# Как купить немецкий аккордеон б/у в Новосибирске



## Dolli (11 Янв 2021)

Здравствуйте, уважаемые форумчане. Помогите ,пожалуйста, купить аккордеон в Новосибирске или области.
Смотрю на Авито уже год и либо внешне что-то не то с инструментами, либо цена неадекватная, как мне кажется.
Нужно: полный немецкий аккордеон 41/120 , живой, с нерваными мехами, звучащий всеми своими клавишами и кнопками, одним словом - исправный. Ещё желателен красный цвет, но это уже так, хотелки. Естественно, главное - состояние.
Рассматриваю WM Stella, Diana, RS Montana. Да любой обыкновенный, лишь бы состояние хорошее.
Подскажите, какая цена адекватная за них? Кто-то за 15 продает, кто-то за 40 и божится, что инструмент после сервиса и вообще как новый. Я бы заплатила 40, если он в идеале, но сама я, естественно, не особо понимаю внутреннее устройство.
Ситуация осложняется тем, что я в НСО и поехать посмотреть могу сорваться не сразу.
Посоветуйте, пожалуйста, где можно купить именно хороший инструмент, на котором можно играть.
Вот такие варианты на Авито...
Стелла


https://www.avito.ru/novosibirsk/muzykalnye_instrumenty/akkordeon_weltmeister_stella_1991661541?
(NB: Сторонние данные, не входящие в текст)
lemma trace_noise_mean_AE_tendsto_zero:
  assumes dims: "summable (\<lambda>m. 1 / (real m * real (p m)))"
    and bounded: "\<And>m. m > 0 \<Longrightarrow> trace_XYt m (p m) (a m) (a m) / (real m * real (p m)) \<le> K"
  shows "AE \<omega> in M. (\<lambda>m. trace_XYt m (p m) (noise_mean m \<omega>) (a m) / (real m * real (p m))) \<longlonglongrightarrow> 0"
proof (rule AE_tendsto_zero_if_summable_second_moments)
  let ?d = "\<lambda>m. real m * real (p m)"
  fix m
  show "(\<lambda>\<omega>. trace_XYt m (p m) (noise_mean m \<omega>) (a m) / ?d m) \<in> borel_measurable M"
    unfolding trace_XYt_def by measurable
  show "integrable M (\<lambda>\<omega>. (trace_XYt m (p m) (noise_mean m \<omega>) (a m) / ?d m)\<^sup>2)"
    using trace_noise_mean_second_moment(1) by (simp add: power_divide)
next
  let ?d = "\<lambda>m. real m * real (p m)"
  show "summable (\<lambda>m. expectation (\<lambda>\<omega>. (trace_XYt m (p m) (noise_mean m \<omega>) (a m) / ?d m)\<^sup>2))"
  proof (rule summable_comparison_test_ev)
    show "eventually (\<lambda>m. norm (expectation (\<lambda>\<omega>. (trace_XYt m (p m) (noise_mean m \<omega>) (a m) / ?d m)\<^sup>2))
        \<le> K / n * (1 / ?d m)) sequentially"
      using eventually_gt_at_top[of 0]
    proof eventually_elim
      case (elim m)
      have "expectation (\<lambda>\<omega>. (trace_XYt m (p m) (noise_mean m \<omega>) (a m) / ?d m)\<^sup>2)
          = trace_XYt m (p m) (a m) (a m) / ?d m * (1 / ?d m) / n"
        using trace_noise_mean_second_moment(2) by (simp add: power_divide power2_eq_square)
      also have "\<dots> \<le> K * (1 / ?d m) / n"
        using bounded[OF elim] by (intro divide_right_mono mult_right_mono) auto
      finally show ?case
        by (simp add: integral_nonneg_AE ac_simps)
    qed
    show "summable (\<lambda>m. K / n * (1 / ?d m))"
      using dims by (rule summable_mult)
  qed
qed

lemma trace_noise_mean_self_AE_tendsto:
  assumes dims: "summable (\<lambda>m. 1 / (real m * real (p m)))"
    and p_unbounded: "filterlim p at_top sequentially"
  shows "AE \<omega> in M. (\<lambda>m. trace_XYt m (p m) (noise_mean m \<omega>) (noise_mean m \<omega>)
                             / (real m * real (p m))) \<longlonglongrightarrow> 1 / n"
proof -
  let ?d = "\<lambda>m. real m * real (p m)"
  define D where "D m \<omega> = trace_XYt m (p m) (noise_mean m \<omega>) (noise_mean m \<omega>) - ?d m / n" for m \<omega>
  have positive: "eventually (\<lambda>m. m > 0 \<and> p m > 0) sequentially"
  proof -
    have "eventually (\<lambda>m. p m \<ge> 1) sequentially"
      using p_unbounded by (simp add: filterlim_at_top)
    then show ?thesis
      using eventually_gt_at_top[of 0] by eventually_elim auto
  qed
  have "AE \<omega> in M. (\<lambda>m. D m \<omega> / ?d m) \<longlonglongrightarrow> 0"
  proof (rule AE_tendsto_zero_if_summable_second_moments)
    fix m
    show "(\<lambda>\<omega>. D m \<omega> / ?d m) \<in> borel_measurable M"
      unfolding D_def trace_XYt_def by measurable
    show "integrable M (\<lambda>\<omega>. (D m \<omega> / ?d m)\<^sup>2)"
      using trace_noise_mean_self_deviation_second_moment(1) by (simp add: D_def power_divide)
  next
    have bound: "expectation (\<lambda>\<omega>. (D m \<omega> / ?d m)\<^sup>2) \<le> expectation (\<lambda>x. (\<xi> x) ^ 4) * (1 / ?d m)"
      for m
    proof -
      have "expectation (\<lambda>\<omega>. (D m \<omega> / ?d m)\<^sup>2) = expectation (\<lambda>\<omega>. (D m \<omega>)\<^sup>2) / (?d m)\<^sup>2"
        by (simp add: power_divide)
      also have "\<dots> \<le> ?d m * expectation (\<lambda>x. (\<xi> x) ^ 4) / (?d m)\<^sup>2"
        using trace_noise_mean_self_deviation_second_moment(2) by (intro divide_right_mono) (simp_all add: D_def)
      also have "\<dots> = expectation (\<lambda>x. (\<xi> x) ^ 4) * (1 / ?d m)"
        by (simp add: power2_eq_square)
      finally show ?thesis .
    qed
    show "summable (\<lambda>m. expectation (\<lambda>\<omega>. (D m \<omega> / ?d m)\<^sup>2))"
      by (rule summable_comparison_test'[OF summable_mult[OF dims]])
        (use bound in \<open>simp add: integral_nonneg_AE\<close>)
  qed
  then show ?thesis
  proof eventually_elim
    case (elim \<omega>)
    have "(\<lambda>m. D m \<omega> / ?d m + 1 / n) \<longlonglongrightarrow> 1 / n"
      using tendsto_add[OF elim tendsto_const] by simp
    then show ?case
      by (rule Lim_transform_eventually)
        (use positive in \<open>auto elim!: eventually_mono simp: D_def diff_divide_distrib\<close>)
  qed
qed

end

theorem theorem2:
  fixes M :: "'a measure"
    and p :: "nat \<Rightarrow> nat" and c :: real
    and A :: "nat \<Rightarrow> nat \<Rightarrow> nat \<Rightarrow> real"
    and n :: nat and \<sigma> :: real
    and E :: "nat \<Rightarrow> nat \<Rightarrow> nat \<Rightarrow> nat \<Rightarrow> 'a \<Rightarrow> real"
    and \<xi> :: "'a \<Rightarrow> real"
    and B :: real
  assumes "prob_space M"
    and c_pos: "c > 0"
    and ratio: "(\<lambda>m. real m / real (p m)) \<longlonglongrightarrow> c"
    and p_inf: "filterlim p at_top sequentially"
    and A_nonneg: "\<And>m i j. i < m \<Longrightarrow> j < p m \<Longrightarrow> A m i j \<ge> 0"
    and A_bdd: "\<And>m. m > 0 \<Longrightarrow> trace_XYt m (p m) (A m) (A m) / (real m * real (p m)) \<le> B"
    and n_ge: "n \<ge> 2"
    and sigma_pos: "\<sigma> > 0"
    and \<xi>_rv: "\<xi> \<in> borel_measurable M"
    and \<xi>_mean: "integrable M \<xi>" "prob_space.expectation M \<xi> = 0"
    and \<xi>_var: "integrable M (\<lambda>x. (\<xi> x)\<^sup>2)" "prob_space.expectation M (\<lambda>x. (\<xi> x)\<^sup>2) = 1"
    and \<xi>_4th: "integrable M (\<lambda>x. (\<xi> x) ^ 4)"
    and E_rv: "\<And>m k i j. E m k i j \<in> borel_measurable M"
    and E_distr: "\<And>m k i j. k < n \<Longrightarrow> i < m \<Longrightarrow> j < p m \<Longrightarrow>
                    distr M borel (E m k i j) = distr M borel \<xi>"
    and E_indep: "\<And>m. prob_space.indep_vars M (\<lambda>_. borel) (\<lambda>(k, i, j). E m k i j)
                          ({..<n} \<times> {..<m} \<times> {..<p m})"
  defines "Abar \<equiv> (\<lambda>m \<omega> i j. (1 / real n) * (\<Sum>k<n. A m i j + \<sigma> * E m k i j \<omega>))"
  shows "AE \<omega> in M.
           ((\<lambda>m. \<bar>trace_XYt m (p m) (Abar m \<omega>) ones_mat / (real m * real (p m))
                  - trace_XYt m (p m) (A m) ones_mat / (real m * real (p m))\<bar>) \<longlonglongrightarrow> 0)
         \<and> ((\<lambda>m. \<bar>trace_XYt m (p m) (Abar m \<omega>) (A m) / (real m * real (p m))
                  - trace_XYt m (p m) (A m) (A m) / (real m * real (p m))\<bar>) \<longlonglongrightarrow> 0)
         \<and> ((\<lambda>m. \<bar>trace_XYt m (p m) (Abar m \<omega>) (Abar m \<omega>) / (real m * real (p m))
                  - trace_XYt m (p m) (A m) (A m) / (real m * real (p m)) - \<sigma>\<^sup>2 / real n\<bar>) \<longlonglongrightarrow> 0)"
proof -
  interpret iid_noise M n p E \<xi>
    using n_ge \<xi>_rv \<xi>_mean \<xi>_var \<xi>_4th E_rv E_distr E_indep
    by (intro iid_noise.intro[OF assms(1)] iid_noise_axioms.intro) simp_all
  let ?d = "\<lambda>m. real m * real (p m)"
  have dims: "summable (\<lambda>m. 1 / ?d m)"
    using ratio by (rule summable_inverse_mult_if_ratio_converges)
  have Abar_eq: "Abar m \<omega> = (\<lambda>i j. A m i j + \<sigma> * noise_mean m \<omega> i j)" for m \<omega>
    using n_pos by (simp add: Abar_def noise_mean_def sum.distrib sum_distrib_left field_simps)
  have ones_bounded: "trace_XYt m (p m) ones_mat ones_mat / ?d m \<le> 1" for m
    by (simp add: trace_XYt_def ones_mat_def)
  have linear_diff: "trace_XYt m (p m) (Abar m \<omega>) Z / ?d m - trace_XYt m (p m) (A m) Z / ?d m
      = \<sigma> * (trace_XYt m (p m) (noise_mean m \<omega>) Z / ?d m)" for m \<omega> Z
    by (simp add: Abar_eq trace_XYt_add_scaled_left add_divide_distrib)
  have quadratic_diff: "trace_XYt m (p m) (Abar m \<omega>) (Abar m \<omega>) / ?d m
        - trace_XYt m (p m) (A m) (A m) / ?d m - \<sigma>\<^sup>2 / n
      = 2 * \<sigma> * (trace_XYt m (p m) (noise_mean m \<omega>) (A m) / ?d m)
        + \<sigma>\<^sup>2 * (trace_XYt m (p m) (noise_mean m \<omega>) (noise_mean m \<omega>) / ?d m - 1 / n)" for m \<omega>
    unfolding Abar_eq trace_XYt_add_scaled_square add_divide_distrib by (simp add: algebra_simps)
  have "AE \<omega> in M. (\<lambda>m. trace_XYt m (p m) (noise_mean m \<omega>) ones_mat / ?d m) \<longlonglongrightarrow> 0"
    using dims ones_bounded by (rule trace_noise_mean_AE_tendsto_zero)
  moreover have "AE \<omega> in M. (\<lambda>m. trace_XYt m (p m) (noise_mean m \<omega>) (A m) / ?d m) \<longlonglongrightarrow> 0"
    using dims A_bdd by (rule trace_noise_mean_AE_tendsto_zero)
  moreover have "AE \<omega> in M.
      (\<lambda>m. trace_XYt m (p m) (noise_mean m \<omega>) (noise_mean m \<omega>) / ?d m - 1 / n) \<longlonglongrightarrow> 0"
    using trace_noise_mean_self_AE_tendsto[OF dims p_inf] by eventually_elim (rule LIM_zero)
  ultimately show ?thesis
  proof eventually_elim
    case (elim \<omega>)
    then show ?case
      unfolding linear_diff quadratic_diff
      by (intro conjI tendsto_rabs_zero tendsto_add_zero tendsto_mult_right_zero)
  qed
qed

end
Монтана utm_campaign=native&utm_medium=item_page_android&utm_source=soc_sharing


https://www.avito.ru/novosibirsk/muzykalnye_instrumenty/akkordeon_1512394248?utm_campaign=native&utm_medium=item_page_android&utm_source=soc_sharing


Тут странное что-то


https://www.avito.ru/novosibirsk/muzykalnye_instrumenty/akkordeon_1957501301?utm_campaign=native&utm_medium=item_page_android&utm_source=soc_sharing



И каприс ещё за 100...



https://www.avito.ru/novosibirsk/muzykalnye_instrumenty/akkordeon_weltmeister_caprice_44_1790460511?utm_campaign=native&utm_medium=item_page_android&utm_source=soc_sharing


А вот на вид вроде как то, что нужно, но продавец "морозится", ответил один раз, что продает и всё и телефон скрыт, не позвонить. Не мошенник ли? Мне пять часов езды до него, но я бы съездила, а тут ни ответа, ни привета...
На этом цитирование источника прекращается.